We make a lot from scratch. We buy almost nothing processed on a regular basis, with the exceptions of fruit juices, beer and wine, occasionally crackers, and Cheerios (for the baby). For the most part, everything else we make at home. We've done the math to find out which things save us lots of money to make from scratch, and which ones aren't worth the effort and work. So we aren't obsessive about making things from scratch, but we try to do it where we can. I make my own tortilla chips, for example, because it's a heckuva lot cheaper to buy a bottle of vegetable oil and a monster pack of frozen corn tortillas than to buy prepared chips. Plus, we eat fewer when we make them ourselves, and we don't put salt on them, so it ends up being a healthier option.

Other things that save us money to make from scratch: cookies and cakes, potato chips, spaghetti sauce (I use plain canned tomatoes and cook them into sauce -- not as good as fresh, but cheaper), pasta (we have a hand-cranked pasta maker), hummus and pita bread (we eat this by the gallon!), all of our dips, sauces and dressings. Even things like popcorn are a money-saver: we just buy kernels and pop in oil in a pan, rather than buying microwave popcorn. And we'll use popcorn as a snack, rather than more expensive snack foods.

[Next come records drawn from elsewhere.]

lemma wreath_basis_subset: "admissible rs \<Longrightarrow> set (wreath_basis d rs) \<subseteq> Wsp d rs"
proof (induction d rs rule: wreath_basis.induct)
  case (2 d n)
  show ?case unfolding wreath_basis.simps
  proof (rule sum_zero_basis_subset)
    fix i j assume "i < n - 1" "j < d - 1"
    then show "diff_vec [] n i j \<in> Wsp d [n]"
      using diff_vec_column_sum[of i n "[]" j] by (auto simp: diff_vec_def unit_fun_def)
  qed
next
  case (3 d n m r)
  have "set (sum_zero_basis [1] n d) \<subseteq> Wsp d (n # m # r)"
  proof (rule sum_zero_basis_subset)
    fix i j assume "i < n - 1" "j < d - 1"
    then show "diff_vec [1] n i j \<in> Wsp d (n # m # r)"
      using Wsp_zero[of "m # r" d] diff_vec_column_sum[of i n "[1]" j]
      by (auto simp: diff_vec_def unit_fun_def)
  qed
  moreover have "set (embed_basis n (wreath_basis d (m # r))) \<subseteq> Wsp d (n # m # r)"
  proof (rule embed_basis_subset)
    fix i k assume "i < n" "k < length (wreath_basis d (m # r))"
    then have "wreath_basis d (m # r) ! k \<in> Wsp d (m # r)" using 3 by auto
    with \<open>i < n\<close> show "embed_summand i (wreath_basis d (m # r) ! k) \<in> Wsp d (n # m # r)"
      by (rule embed_summand_in_Wsp)
  qed
  ultimately show ?case by simp
qed simp

lemma wreath_basis_at_pos:
  assumes "admissible rs" "p < length (wreath_basis d rs)" "p' < length (wreath_basis d rs)"
  shows "(wreath_basis d rs ! p') (wreath_pos d rs p) = (if p' = p then 1 else 0)"
  using assms
proof (induction d rs arbitrary: p p' rule: wreath_basis.induct)
  case (2 d n)
  then show ?case by (simp add: sum_zero_basis_at_pos)
next
  case (3 d n m r)
  define B where "B = wreath_basis d (m # r)"
  define w where "w = length B"
  have len: "length (wreath_basis d (n # m # r)) = n * w + (d - 1) * (n - 1)"
    by (simp add: B_def w_def)
  have nth: "wreath_basis d (n # m # r) ! q = (if q < n * w
      then embed_summand (q div w) (B ! (q mod w)) else sum_zero_basis [1] n d ! (q - n * w))" for q
    by (simp add: B_def w_def nth_append nth_embed_basis)
  have pos: "wreath_pos d (n # m # r) p = (if p < n * w
      then 0 # p div w # wreath_pos d (m # r) (p mod w) else sum_zero_pos [1] n (p - n * w))"
    by (simp add: B_def w_def Let_def)
  have mod: "q mod w < w" if "q < n * w" for q using that by (cases w) auto
  have bounds: "p < n * w + (d - 1) * (n - 1)" "p' < n * w + (d - 1) * (n - 1)"
    using "3.prems"(2,3) by (simp_all only: len)
  show ?case
  proof (cases "p < n * w"; cases "p' < n * w")
    assume p: "p < n * w" and p': "p' < n * w"
    have "(B ! (p' mod w)) (wreath_pos d (m # r) (p mod w)) = (if p' mod w = p mod w then 1 else 0)"
      using "3.IH" "3.prems"(1) mod[OF p] mod[OF p'] by (simp add: B_def w_def)
    then show ?thesis
      unfolding nth pos using p p' div_mod_eq_iff_nat[of p' w p] by auto
  next
    assume p: "\<not> p < n * w" and p': "p' < n * w"
    then show ?thesis unfolding nth pos by (simp add: sum_zero_pos_def embed_summand_def)
  next
    assume p: "p < n * w" and p': "\<not> p' < n * w"
    then have "p' - n * w < (d - 1) * (n - 1)" using bounds by simp
    then show ?thesis
      unfolding nth pos using p p' by (simp add: nth_sum_zero_basis diff_vec_def unit_fun_def)
  next
    assume p: "\<not> p < n * w" and p': "\<not> p' < n * w"
    have "p - n * w < (d - 1) * (n - 1)" "p' - n * w < (d - 1) * (n - 1)"
      using bounds p p' by simp_all
    then show ?thesis
      unfolding nth pos using p p' sum_zero_basis_at_pos[of "p - n * w" d n "p' - n * w" "[1]"] by auto
  qed
qed simp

We are careful where we shop, and when. We buy bulk spices, grains, beans and certain kinds of produce at our local Indian grocer, because the prices are outrageously lower than the supermarket on "specialty" items. We get 10 pounds of high-quality basmati rice for $13 there, for example, while at our local supermarket we'd pay nearly $50 for the same amount. We buy most of our "regular" grocery items at our local discount supermarket -- it's not as nice for shopping as the "fancy" store, and there are certain things they don't carry, but the small savings add up, so it's worth the trouble to go there. For produce, we sometimes go to our local vegetable market (or farmer's markets) near the end of the day, when the vendors are packing up -- they'll often have big loads of fruit/veggies that they're practically giving away just to avoid taking it home with them. It sometimes means we have to eat a case of strawberries in two days, but we can manage. Or we stock our freezer for later. 

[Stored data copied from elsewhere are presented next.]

lemma wf_detector:
  assumes "\<forall>y\<in>set ys. wf_operand n m y" "wf_operand n m z" "0 < W" "0 < R"
  shows "all_at (wf_instr n) m (detector m z W R ys)
    \<and> wf_operand n (m + length (detector m z W R ys)) (detector_one m z W R)
    \<and> wf_operand n (m + length (detector m z W R ys)) (detector_two m W R)"
proof -
  define m1 where "m1 = m + 2 * R * W"
  define m2 where "m2 = m1 + 3 * R"
  have z1: "wf_operand n m1 z" and z2: "wf_operand n m2 z"
    using assms(2) by (simp_all add: wf_operand_mono m1_def m2_def)
  have "grid_gate m W q (W - 1) < m1" if "q < R" for q
    using grid_index_less[OF that, of "W - 1"] assms(3) by (simp add: grid_gate_def m1_def)
  then have "\<forall>e\<in>set (row_outputs m W R). wf_operand n m1 e"
    by (auto simp: row_outputs_def)
  note rows = wf_count_to_two[OF this z1 z1]
  have "Suc (grid_gate m W (R - 1) c) < m2" if "c < W" for c
    using grid_index_less[of "R - 1" R c W] that assms(4) by (simp add: grid_gate_def m1_def m2_def)
  then have "\<forall>e\<in>set (col_outputs m W R). wf_operand n m2 e"
    by (auto simp: col_outputs_def)
  note cols = wf_count_to_two[OF this z2 z2]
  have detector: "detector m z W R ys = or_grid m z W R ys @ count_to_two m1 z z (row_outputs m W R)
      @ count_to_two m2 z z (col_outputs m W R)
      @ [(\<lambda>u v. u \<or> v, snd (count_to_two_out m1 z z (row_outputs m W R)),
                       snd (count_to_two_out m2 z z (col_outputs m W R)))]"
    by (simp add: detector_def m1_def m2_def)
  have offsets: "m + length (or_grid m z W R ys) = m1"
    "m1 + length (count_to_two m1 z z (row_outputs m W R)) = m2"
    "m2 + length (count_to_two m2 z z (col_outputs m W R)) = m2 + 3 * W"
    by (simp_all add: m1_def m2_def)
  have row_out: "wf_operand n (m2 + 3 * W) (snd (count_to_two_out m1 z z (row_outputs m W R)))"
    "wf_operand n (Suc (m2 + 3 * W)) (fst (count_to_two_out m1 z z (row_outputs m W R)))"
    using rows by (auto simp: m2_def intro: wf_operand_mono[of n "m1 + 3 * R"])
  have "all_at (wf_instr n) m (detector m z W R ys)"
    unfolding detector all_at_append offsets
    using wf_or_grid[OF assms(1-3)] rows cols row_out by simp
  moreover have "m + length (detector m z W R ys) = Suc (m2 + 3 * W)"
    by (simp add: length_detector m1_def m2_def)
  moreover have "detector_one m z W R = fst (count_to_two_out m1 z z (row_outputs m W R))"
    and "detector_two m W R = Gate (m2 + 3 * W)"
    by (simp_all add: detector_one_def detector_two_def m1_def m2_def)
  ultimately show ?thesis using row_out by simp
qed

Also, don't overlook free sources of food! So much perfectly good food gets thrown away every day, and with a little ingenuity and asking the right questions, you can rescue it from the trash AND save some money. We get bread free at our local food pantry -- they get more than they can use and end up throwing it away, so we make a point of picking up a bit every week. There are other good free sources of food around, if you look. Bakeries and grocery stores will often give away food that's just about to expire (or day-old breads/sweets), especially if you promise to deliver most of it to a hunger center or soup kitchen. DH picks up a load of leftover food at his work cafeteria at the end of each week, and delivers most of it to our local soup kitchen, but sometimes we'll keep some of it for a meal or two if it's stuff they can't use at the soup kitchen.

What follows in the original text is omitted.